Robert Barrington "Barry" Scott (9 October 1916 – 6 April 1984) was an Australian cricketer. He played first-class cricket for Victoria between 1935 and 1940 and for New South Wales in 1940-41.

Cricket career
A tall, powerfully built right-arm fast bowler and hard-hitting left-handed lower-order batsman, Scott's best season was 1938-39, when he took 23 wickets at an average of 22.39, including figures of 7 for 33 and 5 for 46 when Victoria beat New South Wales in a Sheffield Shield match in Sydney. At the end of the 1939-40 season he was selected to open the bowling for The Rest against New South Wales. He was considered one of Australia's most promising young fast bowlers immediately before World War II.

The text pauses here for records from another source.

(* Let $d\ge 1$, let $\Omega\subset\mathbb{R}^d$ be a bounded domain, let $f:\Omega\to\mathbb{R}^d$ be an input function, let $g\in\mathbb{R}^d$ and let $R\in\mathbb{R}^{d\times d}$ be an orthogonal matrix. Define $\tilde\Omega:=\{Rx+g:x\in\Omega\}$ and $\tilde f:\tilde\Omega\to\mathbb{R}^d$ by $\tilde f(Rx+g):=Rf(x)$. Let $\tilde{\mathcal{G}}[\,\cdot\,;\theta]$ be the INO-vector operator with output $\bm{x}(x,L\tau)$ described in the context, with any fixed parameter set $\theta$. Then for every $x\in\Omega$, $$\tilde{\mathcal{G}}[\tilde f;\theta](Rx+g)=R\,\tilde{\mathcal{G}}[f;\theta](x)+g,$$ where the left-hand side is computed on $\tilde\Omega$ and the right-hand side on $\Omega$. That is, this architecture is translation- and rotation-equivariant.
   Context: INO-vector architecture with equivariant projection. Fix integers $d_h\ge1$, $L\ge1$, a fictitious time step $\tau>0$, and an activation function $\sigma:\mathbb{R}\to\mathbb{R}$ (applied componentwise). The parameter set $\theta$ consists of $P,p\in\mathbb{R}^{d_h}$, $W\in\mathbb{R}^{d_h\times d_h}$, $c\in\mathbb{R}^{d_h}$, a kernel function $\kappa(\cdot;v)$ with values in $\mathbb{R}^{d_h\times d_h}$, and a scalar-valued function $\phi(\cdot;w):\mathbb{R}^{d_h}\to\mathbb{R}$. Edge encoding: for points $x,y$ of the domain, $\overline{y-x}$ denotes a frame-invariant encoding of the edge from $x$ to $y$; in 2D, $\overline{y-x}:=[|y-x|\cos\vartheta,\ |y-x|\sin\vartheta]$, with $|\cdot|$ the Euclidean norm and $\vartheta$ the orientation of $y-x$ relative to a local reference edge fixed in the body (e.g. the vector between two fixed nodes of the undeformed configuration); in 3D it is built analogously from $|y-x|$ and two orientation angles. Since the reference edge moves with the body, the encoding attached to $(Rx+g,Ry+g)$ in the transformed frame coincides with $\overline{y-x}$. Given an input $f$ on a domain $\Omega$, define: $h(x,0):=P|f(x)|+p$, $\bm{x}(x,0):=x$; $m(x,y):=\kappa(\overline{y-x},|f(x)|,|f(y)|;v)$; for $j=0,\dots,L-1$, $$h(x,(j+1)\tau):=h(x,j\tau)+\tau\,\sigma\Big(Wh(x,j\tau)+\int_\Omega m(x,y)h(y,j\tau)\,dy+c\Big),$$ $$\bm{x}(x,(j+1)\tau):=\bm{x}(x,j\tau)+\tau\int_\Omega (x-y)\,\phi\big(m(x,y)h(y,j\tau);w\big)\,dy;$$ output $\tilde{\mathcal{G}}[f;\theta](x):=\bm{x}(x,L\tau)$. All integrals are assumed to exist. *)

theory Defs
  imports "HOL-Analysis.Analysis"
begin

text \<open>Parameter set theta of the INO-vector architecture.
  'h is the (finite) index type of the hidden dimension d_h, 'e is the type of
  values of the frame-invariant edge encoding (e.g. real^2 in 2D).\<close>
record ('h, 'e) ino_params =
  Pv    :: "real ^ 'h"
  pv    :: "real ^ 'h"
  Wm    :: "real ^ 'h ^ 'h"
  cv    :: "real ^ 'h"
  kappa :: "'e \<Rightarrow> real \<Rightarrow> real \<Rightarrow> real ^ 'h ^ 'h"
  phi   :: "real ^ 'h \<Rightarrow> real"

definition ino_m ::
  "('h::finite, 'e) ino_params \<Rightarrow> ('a \<Rightarrow> 'a \<Rightarrow> 'e) \<Rightarrow> ('a \<Rightarrow> 'b::real_normed_vector)
   \<Rightarrow> 'a \<Rightarrow> 'a \<Rightarrow> real ^ 'h ^ 'h" where
  "ino_m th enc f x y = kappa th (enc x y) (norm (f x)) (norm (f y))"

definition cw :: "(real \<Rightarrow> real) \<Rightarrow> real ^ 'h \<Rightarrow> real ^ 'h" where
  "cw \<sigma> v = (\<chi> i. \<sigma> (v $ i))"

fun ino_h ::
  "(real \<Rightarrow> real) \<Rightarrow> real \<Rightarrow> ('h::finite, 'e) ino_params \<Rightarrow> (real^'n \<Rightarrow> real^'n \<Rightarrow> 'e)
   \<Rightarrow> (real^'n::finite) set \<Rightarrow> (real^'n \<Rightarrow> real^'n) \<Rightarrow> nat \<Rightarrow> real^'n \<Rightarrow> real^'h" where
  "ino_h \<sigma> \<tau> th enc \<Omega> f 0 = (\<lambda>x. norm (f x) *\<^sub>R Pv th + pv th)"
| "ino_h \<sigma> \<tau> th enc \<Omega> f (Suc j) =
     (\<lambda>x. ino_h \<sigma> \<tau> th enc \<Omega> f j x
        + \<tau> *\<^sub>R cw \<sigma> (Wm th *v ino_h \<sigma> \<tau> th enc \<Omega> f j x
             + integral\<^sup>L (lebesgue_on \<Omega>)
                 (\<lambda>y. ino_m th enc f x y *v ino_h \<sigma> \<tau> th enc \<Omega> f j y)
             + cv th))"

fun ino_x ::
  "(real \<Rightarrow> real) \<Rightarrow> real \<Rightarrow> ('h::finite, 'e) ino_params \<Rightarrow> (real^'n \<Rightarrow> real^'n \<Rightarrow> 'e)
   \<Rightarrow> (real^'n::finite) set \<Rightarrow> (real^'n \<Rightarrow> real^'n) \<Rightarrow> nat \<Rightarrow> real^'n \<Rightarrow> real^'n" where
  "ino_x \<sigma> \<tau> th enc \<Omega> f 0 = (\<lambda>x. x)"
| "ino_x \<sigma> \<tau> th enc \<Omega> f (Suc j) =
     (\<lambda>x. ino_x \<sigma> \<tau> th enc \<Omega> f j x
        + \<tau> *\<^sub>R integral\<^sup>L (lebesgue_on \<Omega>)
             (\<lambda>y. phi th (ino_m th enc f x y *v ino_h \<sigma> \<tau> th enc \<Omega> f j y) *\<^sub>R (x - y)))"

definition ino_vector ::
  "(real \<Rightarrow> real) \<Rightarrow> real \<Rightarrow> nat \<Rightarrow> ('h::finite, 'e) ino_params \<Rightarrow> (real^'n \<Rightarrow> real^'n \<Rightarrow> 'e)
   \<Rightarrow> (real^'n::finite) set \<Rightarrow> (real^'n \<Rightarrow> real^'n) \<Rightarrow> real^'n \<Rightarrow> real^'n" where
  "ino_vector \<sigma> \<tau> L th enc \<Omega> f = ino_x \<sigma> \<tau> th enc \<Omega> f L"

end

theory Submission
  imports Defs
begin

(* Lebesgue measure is invariant under surjective isometries of a Euclidean space: such a map
   sends balls to balls of the same radius and null sets to null sets, so by the Vitali covering
   theorem it preserves the measure of open sets, and by outer regularity that of every Lebesgue
   set. Hence integrals over the moved domain pull back to integrals over the original one. Along
   this change of variables the edge encodings and the norms |f| are unchanged, so every hidden
   state h is invariant, while the kernel (x - y) of the position update is rotated by R; by
   linearity of the integral each position update is rotated as well, and the translation g
   enters only through the initial positions. *)

lemma isometry_image_ball:
  fixes T :: "'a::metric_space \<Rightarrow> 'a"
  assumes iso: "\<And>x y. dist (T x) (T y) = dist x y" and "surj T"
  shows "T ` ball x r = ball (T x) r"
proof (intro equalityI subsetI)
  fix y assume "y \<in> ball (T x) r"
  moreover obtain z where "y = T z" using \<open>surj T\<close> by (metis surjD)
  ultimately show "y \<in> T ` ball x r" by (simp add: iso)
qed (auto simp: iso)

lemma bij_isometry:
  fixes T :: "'a::metric_space \<Rightarrow> 'a"
  assumes iso: "\<And>x y. dist (T x) (T y) = dist x y" and "surj T"
  shows "bij T"
  using \<open>surj T\<close> by (metis bijI injI iso dist_eq_0_iff)

lemma isometry_inv:
  fixes T :: "'a::metric_space \<Rightarrow> 'a"
  assumes iso: "\<And>x y. dist (T x) (T y) = dist x y" and "surj T"
  shows "\<And>x y. dist (inv T x) (inv T y) = dist x y" and "surj (inv T)"
proof -
  show "surj (inv T)"
    using bij_isometry[OF assms] by (simp add: bij_is_inj inj_imp_surj_inv)
  show "dist (inv T x) (inv T y) = dist x y" for x y
    using \<open>surj T\<close> by (metis iso surj_f_inv_f)
qed

lemma negligible_isometry_image:
  fixes T :: "'a::euclidean_space \<Rightarrow> 'a"
  assumes iso: "\<And>x y. dist (T x) (T y) = dist x y" and "negligible S"
  shows "negligible (T ` S)"
  using \<open>negligible S\<close>
proof (rule negligible_locally_Lipschitz_image[OF order_refl])
  show "\<exists>U B. open U \<and> x \<in> U \<and> (\<forall>y \<in> S \<inter> U. norm (T y - T x) \<le> B * norm (y - x))" for x
    by (rule exI[of _ UNIV], rule exI[of _ 1]) (simp add: iso flip: dist_norm)
qed

lemma isometry_image_in_sets_lebesgue:
  fixes T :: "'a::euclidean_space \<Rightarrow> 'a"
  assumes iso: "\<And>x y. dist (T x) (T y) = dist x y" and "S \<in> sets lebesgue"
  shows "T ` S \<in> sets lebesgue"
proof (rule sets_lebesgue_continuous_image[OF \<open>S \<in> sets lebesgue\<close>])
  show "continuous_on UNIV T"
    by (rule lipschitz_on_continuous_on[of 1]) (simp add: lipschitz_on_def iso)
qed (auto intro: negligible_isometry_image[OF iso])

lemma emeasure_lebesgue_ball_translate:
  fixes c :: "'a::euclidean_space"
  shows "emeasure lebesgue (ball c r) = emeasure lebesgue (ball (0::'a) r)"
proof (cases "r \<le> 0")
  case False
  then show ?thesis by (metis emeasure_lebesgue_ball_conv_unit_ball linorder_linear)
qed (simp add: ball_empty)

lemma emeasure_disjoint_balls_Un_negligible:
  fixes a :: "'i \<Rightarrow> 'a::euclidean_space"
  assumes "countable C" and disj: "pairwise (\<lambda>i j. disjnt (ball (a i) (r i)) (ball (a j) (r j))) C"
    and "negligible N"
  shows "emeasure lebesgue ((\<Union>i\<in>C. ball (a i) (r i)) \<union> N)
       = (\<integral>\<^sup>+i. emeasure lebesgue (ball (0::'a) (r i)) \<partial>count_space C)"
proof -
  have "disjoint_family_on (\<lambda>i. ball (a i) (r i)) C"
    using disj by (auto simp: disjoint_family_on_def pairwise_def disjnt_def)
  have "emeasure lebesgue ((\<Union>i\<in>C. ball (a i) (r i)) \<union> N)
      = emeasure lebesgue (\<Union>i\<in>C. ball (a i) (r i))"
    using \<open>countable C\<close> \<open>negligible N\<close>
    by (intro emeasure_Un_null_set) (auto simp: negligible_iff_null_sets intro: sets.countable_UN'')
  also have "\<dots> = (\<integral>\<^sup>+i. emeasure lebesgue (ball (a i) (r i)) \<partial>count_space C)"
    using \<open>countable C\<close> \<open>disjoint_family_on _ C\<close> by (intro emeasure_UN_countable) auto
  also have "\<dots> = (\<integral>\<^sup>+i. emeasure lebesgue (ball (0::'a) (r i)) \<partial>count_space C)"
    by (intro nn_integral_cong) (rule emeasure_lebesgue_ball_translate)
  finally show ?thesis .
qed

lemma emeasure_isometry_image_open:
  fixes T :: "'a::euclidean_space \<Rightarrow> 'a"
  assumes iso: "\<And>x y. dist (T x) (T y) = dist x y" and "surj T" and "open U"
  shows "emeasure lebesgue (T ` U) = emeasure lebesgue U"
proof -
  let ?K = "{(c, r). 0 < r \<and> ball c r \<subseteq> U}"
  let ?B = "\<lambda>i. ball (fst i) (snd i)"
  have "\<exists>i. i \<in> ?K \<and> x \<in> ?B i \<and> snd i < d" if "x \<in> U" "0 < d" for x d
  proof -
    obtain e where "e > 0" "ball x e \<subseteq> U"
      using \<open>open U\<close> \<open>x \<in> U\<close> open_contains_ball by blast
    with \<open>0 < d\<close> show ?thesis
      by (intro exI[of _ "(x, min e (d/2))"]) auto
  qed
  then obtain C where C: "countable C" "C \<subseteq> ?K"
    and disj: "pairwise (\<lambda>i j. disjnt (?B i) (?B j)) C"
    and neg: "negligible (U - (\<Union>i\<in>C. ?B i))"
    by (rule Vitali_covering_theorem_balls[where S = U and K = ?K and a = fst and r = snd]) blast
  define N where "N = U - (\<Union>i\<in>C. ?B i)"
  have U_eq: "U = (\<Union>i\<in>C. ?B i) \<union> N"
    using C(2) unfolding N_def by fastforce
  have "inj T"
    using bij_isometry[OF iso \<open>surj T\<close>] by (rule bij_is_inj)
  have T_ball: "T ` ?B i = ball (T (fst i)) (snd i)" for i
    using isometry_image_ball[OF iso \<open>surj T\<close>] .
  have TU_eq: "T ` U = (\<Union>i\<in>C. ball (T (fst i)) (snd i)) \<union> T ` N"
    by (subst U_eq) (simp add: image_Un image_UN T_ball)
  have "pairwise (\<lambda>i j. disjnt (ball (T (fst i)) (snd i)) (ball (T (fst j)) (snd j))) C"
    using disj \<open>inj T\<close> by (simp add: pairwise_def disjnt_def flip: T_ball image_Int)
  then have "emeasure lebesgue (T ` U)
      = (\<integral>\<^sup>+i. emeasure lebesgue (ball (0::'a) (snd i)) \<partial>count_space C)"
    unfolding TU_eq N_def
    by (rule emeasure_disjoint_balls_Un_negligible[OF C(1) _ negligible_isometry_image[OF iso neg]])
  also have "\<dots> = emeasure lebesgue U"
    by (subst U_eq)
      (rule emeasure_disjoint_balls_Un_negligible[OF C(1) disj neg[folded N_def], symmetric])
  finally show ?thesis .
qed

He had a vigorous run-up and peculiar bowling action. The Cricketer's Australian correspondent noted in early 1939: "He has a whirlwind arm action; just before delivery his left elbow points skyward while the right hand begins its sweep from the region of the left armpit, the general effect being heightened by a lock of black hair which flops, Hitler fashion, across his brow."

Life outside cricket
Scott was educated at Wesley College and at Melbourne University, where he studied Arts and Law. He married Yvonne Evans in Melbourne in May 1940. 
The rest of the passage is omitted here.